- [Problem description]: Starting at the line below that contains "by (simp add: eq)", print each line through the end of the records exactly as it appears.

[Start of section]

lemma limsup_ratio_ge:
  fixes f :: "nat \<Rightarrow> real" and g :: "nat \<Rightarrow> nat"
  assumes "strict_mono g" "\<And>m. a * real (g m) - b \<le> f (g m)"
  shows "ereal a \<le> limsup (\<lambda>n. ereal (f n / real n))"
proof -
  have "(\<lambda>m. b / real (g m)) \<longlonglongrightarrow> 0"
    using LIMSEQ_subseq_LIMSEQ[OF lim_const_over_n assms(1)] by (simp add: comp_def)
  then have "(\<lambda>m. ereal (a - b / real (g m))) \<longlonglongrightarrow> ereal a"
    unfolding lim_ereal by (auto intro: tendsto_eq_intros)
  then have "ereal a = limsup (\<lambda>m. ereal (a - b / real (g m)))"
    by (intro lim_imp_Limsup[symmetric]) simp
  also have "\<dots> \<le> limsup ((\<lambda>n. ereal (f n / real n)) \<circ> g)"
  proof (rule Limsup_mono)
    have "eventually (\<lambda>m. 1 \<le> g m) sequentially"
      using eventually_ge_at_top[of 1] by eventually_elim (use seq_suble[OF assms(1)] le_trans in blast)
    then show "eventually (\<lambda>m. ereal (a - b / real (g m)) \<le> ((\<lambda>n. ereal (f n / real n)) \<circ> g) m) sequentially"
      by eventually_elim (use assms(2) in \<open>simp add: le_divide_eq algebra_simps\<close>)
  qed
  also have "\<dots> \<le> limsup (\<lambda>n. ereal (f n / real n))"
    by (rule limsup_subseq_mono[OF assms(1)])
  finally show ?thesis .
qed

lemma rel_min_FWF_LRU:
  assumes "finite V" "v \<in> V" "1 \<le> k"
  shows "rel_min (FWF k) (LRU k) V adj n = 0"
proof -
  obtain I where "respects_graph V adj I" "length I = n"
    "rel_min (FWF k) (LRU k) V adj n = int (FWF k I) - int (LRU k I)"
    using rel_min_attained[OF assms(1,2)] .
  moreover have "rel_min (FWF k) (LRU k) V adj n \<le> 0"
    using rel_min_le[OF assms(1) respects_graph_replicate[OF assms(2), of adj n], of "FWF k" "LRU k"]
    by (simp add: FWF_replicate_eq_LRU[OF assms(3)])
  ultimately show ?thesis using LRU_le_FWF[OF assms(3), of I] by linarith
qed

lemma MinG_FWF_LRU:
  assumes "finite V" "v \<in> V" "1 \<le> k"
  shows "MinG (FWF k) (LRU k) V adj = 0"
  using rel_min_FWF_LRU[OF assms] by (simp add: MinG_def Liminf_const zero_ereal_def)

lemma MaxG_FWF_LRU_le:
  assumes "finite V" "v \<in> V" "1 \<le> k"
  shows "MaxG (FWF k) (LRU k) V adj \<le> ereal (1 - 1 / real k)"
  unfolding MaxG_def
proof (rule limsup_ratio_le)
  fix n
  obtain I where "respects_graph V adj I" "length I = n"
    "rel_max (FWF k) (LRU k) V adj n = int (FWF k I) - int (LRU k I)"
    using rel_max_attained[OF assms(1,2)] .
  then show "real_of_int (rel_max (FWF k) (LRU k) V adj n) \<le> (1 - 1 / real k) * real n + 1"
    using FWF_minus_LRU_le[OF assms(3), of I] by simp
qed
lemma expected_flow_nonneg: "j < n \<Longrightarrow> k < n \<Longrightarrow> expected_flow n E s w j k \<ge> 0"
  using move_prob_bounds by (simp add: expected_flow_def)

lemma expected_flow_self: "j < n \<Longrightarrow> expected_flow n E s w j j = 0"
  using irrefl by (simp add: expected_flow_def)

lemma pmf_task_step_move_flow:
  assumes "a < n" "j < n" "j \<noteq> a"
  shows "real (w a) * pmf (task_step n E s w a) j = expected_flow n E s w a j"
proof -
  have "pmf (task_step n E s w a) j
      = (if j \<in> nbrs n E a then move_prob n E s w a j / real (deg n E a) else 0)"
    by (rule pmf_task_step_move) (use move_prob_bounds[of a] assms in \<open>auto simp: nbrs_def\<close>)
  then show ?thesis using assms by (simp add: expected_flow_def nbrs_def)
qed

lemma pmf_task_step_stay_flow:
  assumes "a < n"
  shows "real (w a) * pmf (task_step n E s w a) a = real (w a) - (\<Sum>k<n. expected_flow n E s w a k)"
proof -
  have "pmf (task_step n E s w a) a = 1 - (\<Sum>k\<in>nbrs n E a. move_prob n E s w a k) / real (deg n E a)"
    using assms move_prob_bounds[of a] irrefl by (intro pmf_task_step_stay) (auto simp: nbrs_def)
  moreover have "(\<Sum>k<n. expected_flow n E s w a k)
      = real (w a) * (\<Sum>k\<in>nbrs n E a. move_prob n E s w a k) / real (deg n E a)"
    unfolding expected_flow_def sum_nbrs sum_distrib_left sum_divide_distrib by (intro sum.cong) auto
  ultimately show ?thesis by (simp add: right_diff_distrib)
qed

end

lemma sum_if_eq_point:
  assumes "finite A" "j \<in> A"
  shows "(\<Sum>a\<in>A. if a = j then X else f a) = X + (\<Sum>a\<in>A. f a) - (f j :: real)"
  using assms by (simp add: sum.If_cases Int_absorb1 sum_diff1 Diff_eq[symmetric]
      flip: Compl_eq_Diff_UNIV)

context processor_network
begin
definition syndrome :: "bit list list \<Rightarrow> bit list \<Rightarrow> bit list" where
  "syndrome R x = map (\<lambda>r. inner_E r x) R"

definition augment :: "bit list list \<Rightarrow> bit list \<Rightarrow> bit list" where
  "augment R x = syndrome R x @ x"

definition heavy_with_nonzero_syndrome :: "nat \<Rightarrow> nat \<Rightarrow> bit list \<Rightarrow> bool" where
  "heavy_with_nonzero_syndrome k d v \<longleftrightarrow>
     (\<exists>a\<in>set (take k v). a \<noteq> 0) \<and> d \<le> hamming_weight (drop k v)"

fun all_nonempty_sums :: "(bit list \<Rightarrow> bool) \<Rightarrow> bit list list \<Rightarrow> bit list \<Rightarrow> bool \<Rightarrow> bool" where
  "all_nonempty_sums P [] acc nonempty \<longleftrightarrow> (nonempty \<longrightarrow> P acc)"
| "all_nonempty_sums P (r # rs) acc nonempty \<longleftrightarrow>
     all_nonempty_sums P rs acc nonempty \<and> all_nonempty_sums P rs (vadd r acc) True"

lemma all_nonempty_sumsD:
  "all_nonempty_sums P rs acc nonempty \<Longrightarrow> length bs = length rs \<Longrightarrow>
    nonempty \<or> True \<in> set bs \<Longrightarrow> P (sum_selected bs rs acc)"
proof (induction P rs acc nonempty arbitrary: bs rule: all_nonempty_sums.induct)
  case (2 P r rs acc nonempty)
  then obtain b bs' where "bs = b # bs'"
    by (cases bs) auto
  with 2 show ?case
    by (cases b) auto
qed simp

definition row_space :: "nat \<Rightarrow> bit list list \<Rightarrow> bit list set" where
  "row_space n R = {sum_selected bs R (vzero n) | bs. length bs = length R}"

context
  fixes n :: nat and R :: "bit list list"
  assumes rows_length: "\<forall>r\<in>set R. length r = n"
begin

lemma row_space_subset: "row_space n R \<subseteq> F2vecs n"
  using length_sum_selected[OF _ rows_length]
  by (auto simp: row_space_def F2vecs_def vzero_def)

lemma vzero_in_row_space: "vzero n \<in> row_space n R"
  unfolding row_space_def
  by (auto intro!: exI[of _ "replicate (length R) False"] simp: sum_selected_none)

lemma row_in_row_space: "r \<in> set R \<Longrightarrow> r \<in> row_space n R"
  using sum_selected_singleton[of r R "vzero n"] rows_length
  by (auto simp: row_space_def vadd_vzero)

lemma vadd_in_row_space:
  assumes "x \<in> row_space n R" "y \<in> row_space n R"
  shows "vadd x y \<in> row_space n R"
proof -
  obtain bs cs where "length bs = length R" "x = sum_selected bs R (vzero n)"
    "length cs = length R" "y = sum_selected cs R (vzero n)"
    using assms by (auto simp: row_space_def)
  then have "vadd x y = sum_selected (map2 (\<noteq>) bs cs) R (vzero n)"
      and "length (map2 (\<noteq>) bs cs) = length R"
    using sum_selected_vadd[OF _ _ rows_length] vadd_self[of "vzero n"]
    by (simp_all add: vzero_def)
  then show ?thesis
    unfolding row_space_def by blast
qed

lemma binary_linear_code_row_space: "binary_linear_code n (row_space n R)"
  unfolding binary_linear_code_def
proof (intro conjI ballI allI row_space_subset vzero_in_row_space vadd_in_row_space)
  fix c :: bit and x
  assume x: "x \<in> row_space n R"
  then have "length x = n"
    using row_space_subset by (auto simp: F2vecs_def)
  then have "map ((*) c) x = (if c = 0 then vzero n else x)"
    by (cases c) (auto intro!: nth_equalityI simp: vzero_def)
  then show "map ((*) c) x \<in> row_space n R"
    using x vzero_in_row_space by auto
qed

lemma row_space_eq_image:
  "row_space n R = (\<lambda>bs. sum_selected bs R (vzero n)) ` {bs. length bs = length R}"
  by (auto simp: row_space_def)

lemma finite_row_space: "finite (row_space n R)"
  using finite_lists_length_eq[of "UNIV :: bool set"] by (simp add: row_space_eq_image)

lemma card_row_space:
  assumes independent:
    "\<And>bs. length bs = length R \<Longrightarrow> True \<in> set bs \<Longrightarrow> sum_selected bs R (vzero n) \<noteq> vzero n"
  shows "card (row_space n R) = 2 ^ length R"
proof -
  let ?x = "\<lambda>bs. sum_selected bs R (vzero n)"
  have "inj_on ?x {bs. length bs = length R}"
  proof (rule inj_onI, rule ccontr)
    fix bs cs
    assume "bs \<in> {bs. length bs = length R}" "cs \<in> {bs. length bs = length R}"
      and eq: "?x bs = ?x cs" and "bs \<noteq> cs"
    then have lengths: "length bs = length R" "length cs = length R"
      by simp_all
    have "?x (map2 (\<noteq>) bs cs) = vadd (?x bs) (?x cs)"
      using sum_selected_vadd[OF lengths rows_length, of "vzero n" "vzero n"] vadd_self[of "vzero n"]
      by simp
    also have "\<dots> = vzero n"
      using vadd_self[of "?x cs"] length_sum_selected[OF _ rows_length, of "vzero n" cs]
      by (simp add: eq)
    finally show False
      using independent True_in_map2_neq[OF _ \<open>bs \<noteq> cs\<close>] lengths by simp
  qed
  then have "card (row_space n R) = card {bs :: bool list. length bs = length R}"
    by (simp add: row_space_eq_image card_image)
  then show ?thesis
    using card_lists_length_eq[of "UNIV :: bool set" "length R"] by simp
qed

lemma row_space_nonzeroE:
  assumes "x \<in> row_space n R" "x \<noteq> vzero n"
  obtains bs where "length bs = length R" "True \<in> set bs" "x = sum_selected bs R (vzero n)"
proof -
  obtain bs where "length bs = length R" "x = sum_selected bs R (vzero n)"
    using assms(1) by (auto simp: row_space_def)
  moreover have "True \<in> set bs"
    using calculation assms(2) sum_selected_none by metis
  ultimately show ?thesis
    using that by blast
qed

[End of section]

- [Result]:
      by (simp add: eq)
    finally show False
      using independent True_in_map2_neq[OF _ \<open>bs \<noteq> cs\<close>] lengths by simp
  qed
  then have "card (row_space n R) = card {bs :: bool list. length bs = length R}"
    by (simp add: row_space_eq_image card_image)
  then show ?thesis
    using card_lists_length_eq[of "UNIV :: bool set" "length R"] by simp
qed

lemma row_space_nonzeroE:
  assumes "x \<in> row_space n R" "x \<noteq> vzero n"
  obtains bs where "length bs = length R" "True \<in> set bs" "x = sum_selected bs R (vzero n)"
proof -
  obtain bs where "length bs = length R" "x = sum_selected bs R (vzero n)"
    using assms(1) by (auto simp: row_space_def)
  moreover have "True \<in> set bs"
    using calculation assms(2) sum_selected_none by metis
  ultimately show ?thesis
    using that by blast
qed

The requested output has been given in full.